By Olivia Arnold, news correspondent
A photo-sharing app created by three Northeastern University (NU) business students competed on Monday in the final round of Student Startup Madness (SSM), a nationwide tournament by SXSW in Austin, Texas for digital media startups founded by collegiate entrepreneurs.
Developed by friends and varsity soccer teammates Sam Marley, Daniel Arvidsson and Dan Korman, Blurr advanced as one of the “entrepreneurial eight” to compete in the SSM tournament at the Hilton Austin Downtown on March 14. Blurr is a platform that connects people who are in the same place at the same time by sharing photos on a communal feed.
“Life is a blur,” said Marley, a third-year economics and finance major. “Every day, you’re making these memories… [it’s] impossible to remember everything you do. So we thought our brand is going to represent that, but our product is going to be the solution.”
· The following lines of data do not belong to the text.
(* Let $\mathcal{H}$ be a complex Hilbert space of finite dimension $n\ge2$, $m\ge2$, and let $\mathcal{G}=(\{1,\dots,m\},E)$ be a connected undirected graph. Fix $\alpha\in(0,1)$. The quantum gossip algorithm evolves a density operator on $\mathcal{H}^{\otimes m}$ by, at each time $t$, selecting an edge $(j,k)\in E$ and applying $$\rho(t+1)=\mathcal{E}_{j,k}(\rho(t))=(1-\alpha)\rho(t)+\alpha\,U_{(j,k)}\rho(t)U_{(j,k)}^\dagger .$$ Let $\rho_0=\rho(0)$ and $\rho_*=\frac{1}{m!}\sum_{\pi}U_\pi\rho_0U_\pi^\dagger$ (sum over all permutations of $\{1,\dots,m\}$). Then: (i) if the edges are selected deterministically by periodically cycling, in any predefined way, through the set of edges (each period containing every edge), then $\rho(t)\to\rho_*$, and the system converges to symmetric state consensus (SSC) for every initial state; (ii) if at each time the edge is selected independently at random according to a fixed distribution $\{q_{j,k}>0\}$ with $\sum_{(j,k)\in E}q_{j,k}=1$, then the expected state, which evolves as $\rho(t+1)=\sum_{(j,k)\in E}q_{j,k}\mathcal{E}_{j,k}(\rho(t))$, converges to $\rho_*$, hence to SSC; (iii) with the same random edge selection, convergence holds with probability one along trajectories in the sense that for any $\delta,\varepsilon>0$ there exists $T>0$ such that $\mathbb{P}[\mathrm{Tr}((\rho(T)-\rho_* )^2)>\varepsilon]<\delta$, where $\rho_*\in\mathcal{C}_{\rm SSC}$. Furthermore, for these evolutions, $S$-average SSC is attained for a self-adjoint $S$ on $\mathcal{H}^{\otimes m}$ if and only if there exists a self-adjoint $\sigma$ on $\mathcal{H}$ with $S=\frac1m\sum_{i=1}^m\sigma^{(i)}$.
   Context: For $X$ an operator on $\mathcal{H}$, $X^{(i)}=I^{\otimes(i-1)}\otimes X\otimes I^{\otimes(m-i)}$. For a permutation $\pi$ of $\{1,\dots,m\}$, $U_\pi$ is the unitary on $\mathcal{H}^{\otimes m}$ with $U_\pi(X_1\otimes\cdots\otimes X_m)U_\pi^\dagger=X_{\pi(1)}\otimes\cdots\otimes X_{\pi(m)}$; $U_{(j,k)}$ is $U_\pi$ for the transposition of $j,k$. A density operator $\rho$ is in symmetric state consensus (SSC) if $U_\pi\rho U_\pi^\dagger=\rho$ for all $\pi$; $\mathcal{C}_{\rm SSC}$ is the set of such states. A sequence of channels with $\rho(t)=\hat{\mathcal{E}}_t(\rho_0)$ asymptotically achieves SSC if $\lim_t \inf_{\rho\in\mathcal{C}_{\rm SSC}}\|\rho(t)-\rho\|=0$ for all initial states $\rho_0$ (any $p$-norm). It asymptotically achieves $S$-average SSC, for self-adjoint $S$ on $\mathcal{H}^{\otimes m}$, if it asymptotically achieves SSC and there exists a self-adjoint $\sigma$ on $\mathcal{H}$ such that for all initial states $\rho_0$ and all $\ell\in\{1,\dots,m\}$: $\lim_t\mathrm{Tr}(\sigma^{(\ell)}\rho(t))=\lim_t\mathrm{Tr}(S\rho(t))=\mathrm{Tr}(S\rho_0)$. *)

theory Defs
  imports "HOL-Probability.Probability" "HOL-Probability.Product_PMF"
    "HOL-Combinatorics.Permutations" "HOL-Combinatorics.Transposition"
    "HOL-Library.FuncSet"
begin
At SSM, the final eight teams had four minutes each to pitch their startups, followed by seven minutes of questions and answers with a panel of three judges, Marley said.
Although Blurr did not place in the top three, the team was awarded $1,000 for advancing through three rounds of cuts from an original pool of 100, which the team plans to invest in their marketing strategy.
“[We gained] unbelievable skills. Skills that involve pitching, in terms of pitching to big crowds, to different audiences,” Marley said. “That was really, really helpful.”
He said that at a social event such as a party, concert, graduation or wedding, the user opens the application and presses “start Blurr.” The app then shows the user’s location on a map and provides an option to set a radius of either “close” at 200 meters or “closer” at 100 meters.
From there, all the photographs snapped by other users within the selected radius are saved onto an anonymous collective feed. If the user doesn’t want a lot of pictures from strangers, there’s also a filtering option for Facebook friends only.
“No one has ever taken this spin that we have, that it’s a public photo-sharing platform, but in such small pockets of space that it almost becomes private,” said Arvidsson, who is also a third-year economics and finance combined major.
When the user leaves the radius or chooses to end their Blurr session, all the photographs taken in that time span remain on the app for 24 hours. This provides an opportunity for the user to download any desired pictures onto their camera roll.
“[We’re] solving this one particular problem, which is how can college students get access to meaningful pictures being taken around [them],” Arvidsson said. “We see a gap in the photo-sharing industry for it.”
The concept for Blurr was hatched during a “very hungover Sunday” morning, Marley joked. After throwing a going-away party for a mutual friend on a Saturday night in February 2015, the three friends were searching in vain the next morning for a misplaced “squad picture” when they had a revelation.
“We’re sitting there at breakfast like ‘Wow, we don’t have this picture.’ And we knew tons of people were taking pictures that night, unbelievable photos, and we didn’t have access to them,” said Korman, a third-year economics and marketing major. “We sat back and realized […] this problem happens all the time, and it really bothered us.”
The three students then trekked in the snow to Snell Library, where the planning for Blurr began. Before long, Blurr was entered into IDEA, Northeastern’s venture accelerator for student entrepreneurs, which helped shape their vision and business approach, Korman said.
Through the university, the team also partnered with SCOUT, a student-led design studio, and NorthOut, a Boston-based software development company.
“We really pride Blurr on being 100 percent authentic to Northeastern,” Korman said.
The three co-founders hope that Blurr will become the indispensable hub for all photographs taken on any platform and help college students share important memories and experiences with each other.
“When we thought about it, we noticed that social media […] slowly but surely is disconnecting people and making them stretch further apart from each other,” Korman said. “Blurr actually does the opposite of that, because it’s connecting people in the same place in the same time.”